3. After exercise, you must drink more boiled water, eat more soft foods such as pears, apples, milk, sesame seeds and fresh vegetables, and usually cook more foods such as rock candy pear water, Lycium barbarum and Luffa to neutralize this phenomenon, so as to prevent getting angry and increase the protection of the mucosa on the surface of esophagus and respiratory tract.

What should I pay attention to in fun running?

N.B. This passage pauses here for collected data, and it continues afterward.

text \<open>(W,Y) is l-replete: every colour has at least l edges joining W to Y
  (W, Y disjoint, so edges correspond to ordered pairs (w,y) with w in W, y in Y).\<close>
definition replete :: "nat \<Rightarrow> (nat \<Rightarrow> nat \<Rightarrow> nat) \<Rightarrow> real \<Rightarrow> nat set \<Rightarrow> nat set \<Rightarrow> bool" where
  "replete N col l W Y \<longleftrightarrow>
     (\<forall>c\<in>colour_set N col. real (card {(w, y). w \<in> W \<and> y \<in> Y \<and> col w y = c}) \<ge> l)"

definition perfect_rainbow_matching ::
  "(nat \<Rightarrow> nat \<Rightarrow> nat) \<Rightarrow> nat set \<Rightarrow> nat set \<Rightarrow> nat set \<Rightarrow> (nat \<times> nat) set \<Rightarrow> bool" where
  "perfect_rainbow_matching col D X V M \<longleftrightarrow>
     M \<subseteq> X \<times> V \<and>
     (\<forall>x\<in>X. \<exists>!y. (x, y) \<in> M) \<and>
     (\<forall>y\<in>V. \<forall>x1 x2. (x1, y) \<in> M \<longrightarrow> (x2, y) \<in> M \<longrightarrow> x1 = x2) \<and>
     inj_on (\<lambda>(x, y). col x y) M \<and>
     (\<lambda>(x, y). col x y) ` M \<subseteq> D"

end

(*
  Both parts of the matching are built greedily. The colours of C' are realised
  one at a time: every vertex lies on exactly two edges of each colour, so the
  fewer than |C'| edges chosen so far block at most 4(|C'| - 1) of the at least
  10 nu n >= 4 |C'| edges of the next colour between X and V. The vertices of X
  still uncovered are then matched one at a time by C-coloured edges: for such a
  vertex x, the used vertices of V together with the two neighbours of x along
  each used colour block fewer than 3 |X| <= 3 lam n of its C-neighbours in V.
  No relation between n, nu and lam is needed, so K1 = K2 = K3 = 1 will do.
*)
theory Submission
  imports Defs
begin

lemma two_factorization_sym:
  assumes "two_factorization N col" "u < N" "v < N" "u \<noteq> v"
  shows "col u v = col v u"
  using assms unfolding two_factorization_def by blast

lemma card_colour_class_neighbours:
  assumes "two_factorization N col" "u < N" "c \<in> colour_set N col"
  shows "card {v. v < N \<and> v \<noteq> u \<and> col u v = c} = 2"
  using assms unfolding two_factorization_def by blast

lemma finite_colour_set: "finite (colour_set N col)"
proof -
  have "colour_set N col \<subseteq> case_prod col ` ({..<N} \<times> {..<N})"
    unfolding colour_set_def by auto
  then show ?thesis
    by (rule finite_subset) simp
qed

lemma card_colour_class_star:
  assumes "two_factorization N col" "finite W" "W \<subseteq> {..<N}" "c \<in> colour_set N col"
  shows "card (SIGMA u:W. {v. v < N \<and> v \<noteq> u \<and> col u v = c}) = 2 * card W"
proof -
  have "card (SIGMA u:W. {v. v < N \<and> v \<noteq> u \<and> col u v = c})
      = (\<Sum>u\<in>W. card {v. v < N \<and> v \<noteq> u \<and> col u v = c})"
    using assms(2) by (rule card_SigmaI) simp
  also have "\<dots> = (\<Sum>u\<in>W. 2)"
  proof (rule sum.cong)
    fix u
    assume "u \<in> W"
    with assms show "card {v. v < N \<and> v \<noteq> u \<and> col u v = c} = 2"
      by (intro card_colour_class_neighbours) auto
  qed (rule refl)
  finally show ?thesis
    by simp
qed

lemma card_neighbours_via_colours:
  assumes "two_factorization N col" "u < N" "finite S" "S \<subseteq> colour_set N col"
  shows "card {v. v < N \<and> v \<noteq> u \<and> col u v \<in> S} = 2 * card S"
proof -
  have "{v. v < N \<and> v \<noteq> u \<and> col u v \<in> S} = (\<Union>c\<in>S. {v. v < N \<and> v \<noteq> u \<and> col u v = c})"
    by blast
  also have "card \<dots> = (\<Sum>c\<in>S. card {v. v < N \<and> v \<noteq> u \<and> col u v = c})"
    using assms(3) by (intro card_UN_disjoint) auto
  also have "\<dots> = (\<Sum>c\<in>S. 2)"
  proof (rule sum.cong)
    fix c
    assume "c \<in> S"
    with assms show "card {v. v < N \<and> v \<noteq> u \<and> col u v = c} = 2"
      by (intro card_colour_class_neighbours) auto
  qed (rule refl)
  finally show ?thesis
    by simp
qed

definition rainbow_matching ::
  "(nat \<Rightarrow> nat \<Rightarrow> nat) \<Rightarrow> nat set \<Rightarrow> nat set \<Rightarrow> nat set \<Rightarrow> (nat \<times> nat) set \<Rightarrow> bool" where
  "rainbow_matching col D X V M \<longleftrightarrow>
     finite M \<and> M \<subseteq> X \<times> V \<and> inj_on fst M \<and> inj_on snd M \<and>
     inj_on (case_prod col) M \<and> case_prod col ` M \<subseteq> D"

lemma rainbow_matching_empty: "rainbow_matching col D X V {}"
  unfolding rainbow_matching_def by simp

lemma rainbow_matching_mono:
  "rainbow_matching col D X V M \<Longrightarrow> D \<subseteq> D' \<Longrightarrow> rainbow_matching col D' X V M"
  unfolding rainbow_matching_def by blast

lemma rainbow_matching_insert:
  assumes "rainbow_matching col D X V M" "x \<in> X" "y \<in> V"
    "x \<notin> fst ` M" "y \<notin> snd ` M" "col x y \<notin> case_prod col ` M" "col x y \<in> D"
  shows "rainbow_matching col D X V (insert (x, y) M)"
proof -
  have "(x, y) \<notin> M"
    using assms(4) by force
  with assms show ?thesis
    unfolding rainbow_matching_def by (simp add: inj_on_insert)
qed

lemma rainbow_matching_colours:
  assumes "rainbow_matching col D X V M" "X \<subseteq> {..<N}" "V \<subseteq> {..<N}" "X \<inter> V = {}"
  shows "case_prod col ` M \<subseteq> colour_set N col"
proof
  fix c
  assume "c \<in> case_prod col ` M"
  then obtain x y where "(x, y) \<in> M" "c = col x y"
    by auto
  moreover have "x \<in> X" "y \<in> V"
    using assms(1) \<open>(x, y) \<in> M\<close> unfolding rainbow_matching_def by auto
  ultimately show "c \<in> colour_set N col"
    using assms(2-4) unfolding colour_set_def by blast
qed

lemma perfect_rainbow_matchingI:
  assumes "rainbow_matching col D X V M" "X \<subseteq> fst ` M"
  shows "perfect_rainbow_matching col D X V M"
proof -
  have inj_fst: "inj_on fst M" and inj_snd: "inj_on snd M"
    using assms(1) unfolding rainbow_matching_def by simp_all
  have "\<exists>!y. (x, y) \<in> M" if "x \<in> X" for x
  proof -
    obtain p where p: "p \<in> M" "x = fst p"
      using assms(2) \<open>x \<in> X\<close> by blast
    show ?thesis
    proof (rule ex1I)
      show "(x, snd p) \<in> M"
        using p by simp
      show "y = snd p" if "(x, y) \<in> M" for y
      proof -
        have "(x, y) = p"
          using p(2) by (intro inj_onD[OF inj_fst _ that p(1)]) simp
        then show ?thesis
          by auto
      qed
    qed
  qed
  moreover have "\<forall>y\<in>V. \<forall>x1 x2. (x1, y) \<in> M \<longrightarrow> (x2, y) \<in> M \<longrightarrow> x1 = x2"
    using inj_onD[OF inj_snd] by fastforce
  ultimately show ?thesis
    using assms(1) unfolding rainbow_matching_def perfect_rainbow_matching_def
    by (intro conjI ballI) simp_all
qed

lemma card_colour_edges_from_le:
  assumes tf: "two_factorization N col"
    and "A \<subseteq> {..<N}" "V \<subseteq> {..<N}" "A \<inter> V = {}" "c \<in> colour_set N col"
  shows "card {(x, y). x \<in> A \<and> y \<in> V \<and> col x y = c} \<le> 2 * card A"
proof -
  have "finite A"
    using assms(2) finite_subset by blast
  have "{(x, y). x \<in> A \<and> y \<in> V \<and> col x y = c}
      \<subseteq> (SIGMA x:A. {y. y < N \<and> y \<noteq> x \<and> col x y = c})"
    using assms(3,4) by auto
  moreover have "finite (SIGMA x:A. {y. y < N \<and> y \<noteq> x \<and> col x y = c})"
    using \<open>finite A\<close> by simp
  ultimately have "card {(x, y). x \<in> A \<and> y \<in> V \<and> col x y = c}
      \<le> card (SIGMA x:A. {y. y < N \<and> y \<noteq> x \<and> col x y = c})"
    by (simp add: card_mono)
  also have "\<dots> = 2 * card A"
    using card_colour_class_star[OF tf \<open>finite A\<close> assms(2,5)] .
  finally show ?thesis .
qed

lemma card_colour_edges_to_le:
  assumes tf: "two_factorization N col"
    and "X \<subseteq> {..<N}" "B \<subseteq> {..<N}" "X \<inter> B = {}" "c \<in> colour_set N col"
  shows "card {(x, y). x \<in> X \<and> y \<in> B \<and> col x y = c} \<le> 2 * card B"
proof -
  have "col y x = col x y" if "x \<in> X" "y \<in> B" for x y
    using two_factorization_sym[OF tf, of y x] that assms(2-4) by auto
  then have "{(x, y). x \<in> X \<and> y \<in> B \<and> col x y = c}
      = prod.swap ` {(y, x). y \<in> B \<and> x \<in> X \<and> col y x = c}"
    by (force simp: image_iff)
  also have "card \<dots> \<le> card {(y, x). y \<in> B \<and> x \<in> X \<and> col y x = c}"
    by (rule card_image_le, rule finite_subset[of _ "B \<times> X"])
      (use finite_subset[OF assms(2)] finite_subset[OF assms(3)] in auto)
  also have "\<dots> \<le> 2 * card B"
    using assms by (intro card_colour_edges_from_le) auto
  finally show ?thesis .
qed

lemma ex_free_edge_of_colour:
  assumes tf: "two_factorization N col"
    and XN: "X \<subseteq> {..<N}" and VN: "V \<subseteq> {..<N}" and disj: "X \<inter> V = {}"
    and c: "c \<in> colour_set N col" and M: "finite M" "M \<subseteq> X \<times> V"
    and many: "4 * card M < card {(x, y). x \<in> X \<and> y \<in> V \<and> col x y = c}"
  shows "\<exists>x\<in>X. \<exists>y\<in>V. col x y = c \<and> x \<notin> fst ` M \<and> y \<notin> snd ` M"
proof (rule ccontr)
  let ?from = "{(x, y). x \<in> fst ` M \<and> y \<in> V \<and> col x y = c}"
  let ?to = "{(x, y). x \<in> X \<and> y \<in> snd ` M \<and> col x y = c}"
  have fstM: "fst ` M \<subseteq> X" and sndM: "snd ` M \<subseteq> V"
    using M(2) by auto
  assume "\<not> ?thesis"
  then have "{(x, y). x \<in> X \<and> y \<in> V \<and> col x y = c} \<subseteq> ?from \<union> ?to"
    by blast
  moreover have "finite (X \<times> V)"
    using finite_subset[OF XN] finite_subset[OF VN] by simp
  then have "finite (?from \<union> ?to)"
    by (rule finite_subset[rotated]) (use fstM sndM in blast)
  ultimately have "card {(x, y). x \<in> X \<and> y \<in> V \<and> col x y = c} \<le> card (?from \<union> ?to)"
    by (simp add: card_mono)
  also have "\<dots> \<le> card ?from + card ?to"
    by (rule card_Un_le)
  also have "\<dots> \<le> 2 * card (fst ` M) + 2 * card (snd ` M)"
  proof (rule add_mono)
    show "card ?from \<le> 2 * card (fst ` M)"
      using fstM XN VN disj by (intro card_colour_edges_from_le[OF tf _ VN _ c]) auto
    show "card ?to \<le> 2 * card (snd ` M)"
      using sndM XN VN disj by (intro card_colour_edges_to_le[OF tf XN _ _ c]) auto
  qed
  also have "\<dots> \<le> 4 * card M"
    using card_image_le[OF M(1), of fst] card_image_le[OF M(1), of snd] by simp
  finally show False
    using many by simp
qed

1. Because you sweat more during exercise and produce more lactic acid, you can choose to drink some alkaline drinks rich in vitamins and minerals. Not only can it quickly replenish the water and nutrition needed by the body, but it can also neutralize lactic acid and make the body quickly recover from fatigue.

2. Wear bright sportswear, preferably with fluorescent parts, so that drivers can easily notice you; A fixed fun running route and running in a strange environment at night will reduce the ability of runners to cope with emergencies.

It is best to start the fun run one hour after dinner, usually around 9 o'clock. Avoid strenuous exercise. It takes a long time for the body to recover after overwork, which is likely to affect the sleep that night and the state of the next day. It is best to choose aerobic exercise, that is, jogging and brisk walking, with slight sweating as the standard.